Hi @amalap and welcome to the SAS Support Communities (belatedly)!
Sorry to see that your question had not been answered for a couple of days. This is very unusual for this rather elementary type of question, so I suspect that some technical delay must have prevented the forum experts and myself from seeing your post early.
Now you have already received a link to a relevant page of the documentation and the practical solution of using the ROUND function.
Let me just add a few bits (pun intended) to explain the "wrong results" which you observed in more detail.
The numbers in your first example, 9.2 and 2.9, have one decimal place each. Any such integer multiple of one tenth with a decimal place other than 0 or 5 is affected by numeric representation error, which means that the number's internal binary floating-point representation used by SAS (and not only SAS) to store numeric values is not 100% exact due to rounding. Indeed, the decimal equivalents of the internal 64-bit representations of 9.2 and 2.9 under Windows or Unix are
9.199999999999999289457264239899814128875732421875
and
2.899999999999999911182158029987476766109466552734375
respectively. Well, you need to be lucky to get perfect results from a calculation starting with inexact values like these. As we will see below, this example is actually close to such a "lucky" case.
Written in the binary system, both 9.2 and 2.9 are periodic fractions:
1001.0011001100110... (mathematical binary representation of 9.2)
10.1110011001100... (mathematical binary representation of 2.9)
where the 4-digit patterns 0011 and 1100, respectively, are repeating infinitely often.
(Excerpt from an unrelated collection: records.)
lemma inverse_in_sector_of_schur:
  assumes "finite S" "p \<in> S" "card S \<ge> 2"
    and M: "pos_def_on S M" "irreducible_on S M" "offdiag_in_sector t S M"
    and t: "0 < t" "2 * t \<le> pi / 2"
    and Y: "inverse_on (S - {p}) (schur_complement M p) Y"
      "\<forall>i\<in>S - {p}. \<forall>j\<in>S - {p}. in_closed_sector (pi / 2 - 2 * t) (Y i j)"
  shows "\<exists>X. inverse_on S M X \<and> (\<forall>i\<in>S. \<forall>j\<in>S. in_sector (pi / 2 - t) (X i j))"
proof (intro exI conjI ballI)
  define T where "T = S - {p}"
  define X where "X = bordered_inverse M p T Y"
  obtain a where a: "0 < a" "M p p = complex_of_real a"
    using pos_def_on_diag[OF assms(1) M(1) assms(2)] by blast
  show inv: "inverse_on S M X"
    unfolding X_def T_def using assms(1,2) a Y(1) by (intro inverse_on_bordered) auto
  have S_not_singleton: "S \<noteq> {p}"
    using assms(3) by auto
  with assms(1,2) have T: "finite T" "p \<notin> T" "T \<noteq> {}" "S - T = {p}" "T \<subseteq> S" "T \<noteq> S"
    by (auto simp: T_def)
  have angle: "pi / 2 - 2 * t + t = pi / 2 - t" "0 < pi / 2 - t"
    using t by simp_all
  have Y_sector: "in_closed_sector (pi / 2 - 2 * t) (Y i j)" if "i \<in> T" "j \<in> T" for i j
    using Y(2) that unfolding T_def by blast
  have M_sector: "in_sector t (- M i j)" if "i \<in> S" "j \<in> S" "i \<noteq> j" "M i j \<noteq> 0" for i j
    using offdiag_in_sectorD[OF M(3) that] .
  fix i j assume "i \<in> S" "j \<in> S"
  consider "i = p" "j = p" | "i = p" "j \<in> T" | "i \<in> T" "j = p" | "i \<in> T" "j \<in> T"
    using \<open>i \<in> S\<close> \<open>j \<in> S\<close> T_def by blast
  then show "in_sector (pi / 2 - t) (X i j)"
  proof cases
    case 1
    then show ?thesis
      using inverse_on_diag[OF assms(1) M(1) inv assms(2)] in_sector_of_real angle(2) by auto
  next
    case 2
    from irreducible_onD[OF M(2), of "{p}"] assms(2) S_not_singleton obtain k where "k \<in> T" "- M p k \<noteq> 0"
      unfolding T_def by auto
    then have "in_sector (pi / 2 - t) (\<Sum>k\<in>T. Y k j * (- M p k))"
      unfolding angle(1)[symmetric] using 2 T(1) t assms(2) Y_sector M_sector T_def
      by (intro in_sector_sum_mult) auto
    with a show ?thesis
      unfolding X_def 2(1) bordered_inverse_border[OF T(2) 2(2)] by (simp add: in_sector_divide_pos)
  next
    case 3
    from irreducible_onD[OF M(2) T(5,3,6)] obtain k where "k \<in> T" "- M k p \<noteq> 0"
      unfolding T(4) by auto
    then have "in_sector (pi / 2 - t) (\<Sum>k\<in>T. Y i k * (- M k p))"
      unfolding angle(1)[symmetric] using 3 T(1) t assms(2) Y_sector M_sector T_def
      by (intro in_sector_sum_mult) auto
    with a show ?thesis
      unfolding X_def 3(2) bordered_inverse_border[OF T(2) 3(1)] by (simp add: in_sector_divide_pos)
  next
    case 4
    have "pi / 2 - 2 * t < pi / 2 - t"
      using t by simp
    with Y_sector[OF 4] show ?thesis
      unfolding X_def bordered_inverse_inner[OF T(2) 4] by (rule in_closed_sector_imp_in_sector)
  qed
qed

lemma inverse_in_sector_by_schur:
  assumes "finite S" "p \<in> S" "card S \<ge> 2"
    and M: "hermitian_on S M" "pos_def_on S M" "irreducible_on S M" "offdiag_in_sector t S M"
    and t: "0 < t" "2 ^ (card S - 1) * t \<le> pi / 2"
    and smaller: "\<And>M' t'. hermitian_on (S - {p}) M' \<Longrightarrow> pos_def_on (S - {p}) M' \<Longrightarrow>
      irreducible_on (S - {p}) M' \<Longrightarrow> offdiag_in_sector t' (S - {p}) M' \<Longrightarrow>
      0 < t' \<Longrightarrow> 2 ^ (card (S - {p}) - 1) * t' \<le> pi / 2 \<Longrightarrow>
      \<exists>Y. inverse_on (S - {p}) M' Y \<and>
        (\<forall>i\<in>S - {p}. \<forall>j\<in>S - {p}. in_closed_sector (pi / 2 - t') (Y i j))"
  shows "\<exists>X. inverse_on S M X \<and> (\<forall>i\<in>S. \<forall>j\<in>S. in_sector (pi / 2 - t) (X i j))"
proof -
  have "card S - 1 = Suc (card (S - {p}) - 1)"
    using assms(1-3) by simp
  then have smaller_bound: "2 ^ (card (S - {p}) - 1) * (2 * t) \<le> pi / 2"
    using t(2) by simp
  have "2 * t \<le> 2 ^ (card (S - {p}) - 1) * (2 * t)"
    using t(1) by simp
  with smaller_bound have double: "0 < 2 * t" "2 * t \<le> pi / 2"
    using t(1) by linarith+
  obtain a where a: "0 < a" "M p p = complex_of_real a"
    using pos_def_on_diag[OF assms(1) M(2) assms(2)] by blast
  have "hermitian_on (S - {p}) (schur_complement M p)"
    using hermitian_on_schur[OF M(1) assms(2)] .
  moreover have "pos_def_on (S - {p}) (schur_complement M p)"
    using pos_def_on_schur[OF assms(1) M(1,2) assms(2)] .
  moreover have "irreducible_on (S - {p}) (schur_complement M p)"
    using irreducible_on_schur[OF M(3,4) a(2,1) t(1) double(2) assms(2)] .
  moreover have "offdiag_in_sector (2 * t) (S - {p}) (schur_complement M p)"
    using offdiag_in_sector_schur[OF M(4) a(2,1) t(1) double(2) assms(2)] .
  ultimately obtain Y where "inverse_on (S - {p}) (schur_complement M p) Y"
    "\<forall>i\<in>S - {p}. \<forall>j\<in>S - {p}. in_closed_sector (pi / 2 - 2 * t) (Y i j)"
    using smaller[OF _ _ _ _ double(1) smaller_bound] by blast
  then show ?thesis
    using inverse_in_sector_of_schur[OF assms(1-3) M(2-4) t(1) double(2)] by blast
qed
Given the limited storage space for a numeric variable (of length 8 bytes), these numbers are rounded in order to obtain the best approximation that fits into 53 bits: the so called "implied bit" for the trivial leading 1 and the 52 mantissa bits (see documentation) for the remaining binary digits (of integer and fractional part). The remaining 64−52=12 bits of storage space accommodate the sign and the exponent (i.e. the order of magnitude).
put(9.2, binary64.)='0100000000100010011001100110011001100110011001100110011001100110'
put(2.9, binary64.)='0100000000000111001100110011001100110011001100110011001100110011'
Note that both numbers were rounded off because the next digit was zero, hence the slightly "too small" decimal equivalents.
For the subtraction (which can be done manually like in elementary school, the repeating patterns reducing the effort considerably), the representation of 2.9 is adapted to the exponent of the larger number: basically, both numbers are now written as multiples of 2**3=8.
1.0010011001100110011001100110011001100110011001100110
-0.010111001100110011001100110011001100110011001100110011
=0.110010011001100110011001100110011001100110011001100101
Thanks to the 80 bits available to the processor, the right shift of 2.9 by two bits does not lead to additional truncation or rounding. As a consequence, however, the rightmost bit 1 hits a zero bit from 9.2 which was due to rounding for the binary64. representation in the previous step, and this causes the damage. (There is still a bit of hope at this point, though, because of the rounding in the final step, described below.)
Finally, the result is "normalized," i.e., written as 1.10010011001... * 2**2 (again, a periodic fraction, the repeating pattern being 1001) and rounded to 52 mantissa bits. Only the very last "1" does not fit into the mantissa, so this is a borderline case like ".5" in the decimal system! Rounding up would lead to the correct result (the internal representation of 6.3), but -- unfortunately in this case -- the rule in these borderline situations is "round to the even number," i.e., ending in 0. So the result is the internal representation
0100000000011001001100110011001100110011001100110011001100110010
with that rounding error in the last bit making it slightly less than the internal representation of 6.3. (Which, of course, ends in ...10011, correctly rounding the infinite sequence of 1001's.)
Your other two examples can be explained in exactly the same way. The case of 5.4 − 4.5 is particularly easy because, unlike all the other numbers, 4.5 (ending in .5) has an exact, finite binary representation -- 100.1 --, so you'll subtract many trailing zeros in the manual calculation.